With global malaria infection rates reported to range from 300 to 500 million annually - the uncertainty of these estimates measured by the W.H.O. is also never reported. And despite our advanced knowledge of the epidemiology of malaria, there is a cloud of apathetic ambiguity that has engulfed present day malaria control and disease management practices.

 

A young Sierra Leonean with a malaria net

According to a recent article in the Journal of the American Medical Association entitled Global Malaria Control in the 21st Century: A Historic but Fleeting Opportunity (co-authored by Dr. Richard Feachem, former Executive Director of the Global Fund ), one of the latest exemplary successful management practices in malaria control has been bed net distribution campaigns (funded by the Global Fund of course) because of their efficacy in increasing bed net ownership.

In an environment where humanitarian organizations distribute goods for free, what does bed net ownership mean exactly?

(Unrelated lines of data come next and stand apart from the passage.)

lemma sandwich_add_eq_zero:
  assumes k: "k \<in> Pos" and x: "x \<in> Pos" and y: "y \<in> Pos" and kk: "k * (x + y) * k = 0"
  shows "k * x = 0 \<and> k * y = 0"
proof -
  have "k * x * k + k * y * k = 0" using kk by (simp add: algebra_simps)
  then have "k * x * k = 0" "k * y * k = 0"
    using Pos_add_eq_zero[OF sandwich_Pos[OF k x] sandwich_Pos[OF k y]] by auto
  then show ?thesis
    using sandwich_eq_zero[OF Pos_mem[OF k] x] sandwich_eq_zero[OF Pos_mem[OF k] y] by blast
qed

lemma projection_le_iff:
  assumes r: "r \<in> sa_P A" and e: "e \<in> sa_P A"
  shows "sa_le Pos r e \<longleftrightarrow> r * e = r"
proof
  have rA: "r \<in> A" "r * r = r" and eA: "e \<in> A" "e * e = e" using r e unfolding sa_P_def by auto
  have e': "1 - e \<in> Pos" and e'A: "1 - e \<in> A"
    using projection_compl[OF e] projection_Pos Pos_mem by auto
  show "r * e = r" if "sa_le Pos r e"
  proof -
    have "(1 - e) * (e - r) * (1 - e) \<in> Pos"
      using that sandwich_Pos[OF e'] unfolding sa_le_def by blast
    moreover have "(1 - e) * (e - r) * (1 - e) = - ((1 - e) * r * (1 - e))"
      using eA by (simp add: algebra_simps)
    ultimately have "(1 - e) * r * (1 - e) = 0"
      using Pos_antisym sandwich_Pos[OF e' projection_Pos[OF r]] by simp
    then have "(1 - e) * r = 0" using sandwich_eq_zero[OF e'A projection_Pos[OF r]] by blast
    then have "r * (1 - e) = 0" using Pos_mult_eq_zero_commute[OF e' rA(1)] by blast
    then show ?thesis by (simp add: algebra_simps)
  qed
  show "sa_le Pos r e" if re: "r * e = r"
  proof -
    have "r * (1 - e) = 0" using re by (simp add: algebra_simps)
    then have "(1 - e) * r = 0" using Pos_mult_eq_zero_commute[OF e' rA(1)] by blast
    then have "(e - r) * (e - r) = e - r" using re rA eA by (simp add: algebra_simps)
    then show ?thesis using square_Pos[OF diff_mem[OF eA(1) rA(1)]] unfolding sa_le_def by simp
  qed
qed

lemma commuting_sandwich_Pos:
  assumes w: "w \<in> A" and b: "b \<in> Pos" and wb: "w * b = b * w"
  shows "w * b * w \<in> Pos"
proof -
  obtain h where h: "h \<in> Pos" "h \<in> sa_CC A b" "h * h = b" using sqrt_exists[OF b] by blast
  have hw: "h * w = w * h" using CC_commute[OF h(2) w wb] .
  have "w * b * w = (w * h) * (h * w)" unfolding h(3)[symmetric] by (simp add: mult.assoc)
  also have "\<dots> = (h * w) * (w * h)" using hw by simp
  also have "\<dots> = h * (w * w) * h" by (simp add: mult.assoc)
  finally show ?thesis using sandwich_Pos[OF h(1) square_Pos[OF w]] by simp
qed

How and when was ownership measured from that instant the bed net was handed over to mother and child? - Where coincidentally, the camera was also poised for a donor’s photo opportunity and a self-predicated success story for the fora of international public health.

Does bed net ownership imply proper behaviour change for bed net use in Sub-Saharan Africa, or any usage at all for that matter?

One must remember - the demographics whom these campaigns are targeting reside in rural areas of developing countries with tropical climates where very little technology, infrastructure and educational outlets exist.

The learning and acclimatization that must occur in order for the introduction of bed net technology to have a lasting effect on preventing malaria infection, such as hanging, education, and behaviour change, extends far beyond the term “ownership” - especially when given to beneficiaries for free.

Yet the rhetoric used by UN and Development agencies is common place. They report their (public tax) dollars (donated from Western countries) spent on aid interventions, and units donated to countries on massive scale - purchased from (Western) private suppliers that operate in monopolized markets - all which predicate irrelevant disease outcomes for those children in Sub-Saharan Africa, who are often carried by their mothers to health centers because they are infected by malaria with symptoms undetected, prevention unknown.

It’s time to break this cycle of carelessness.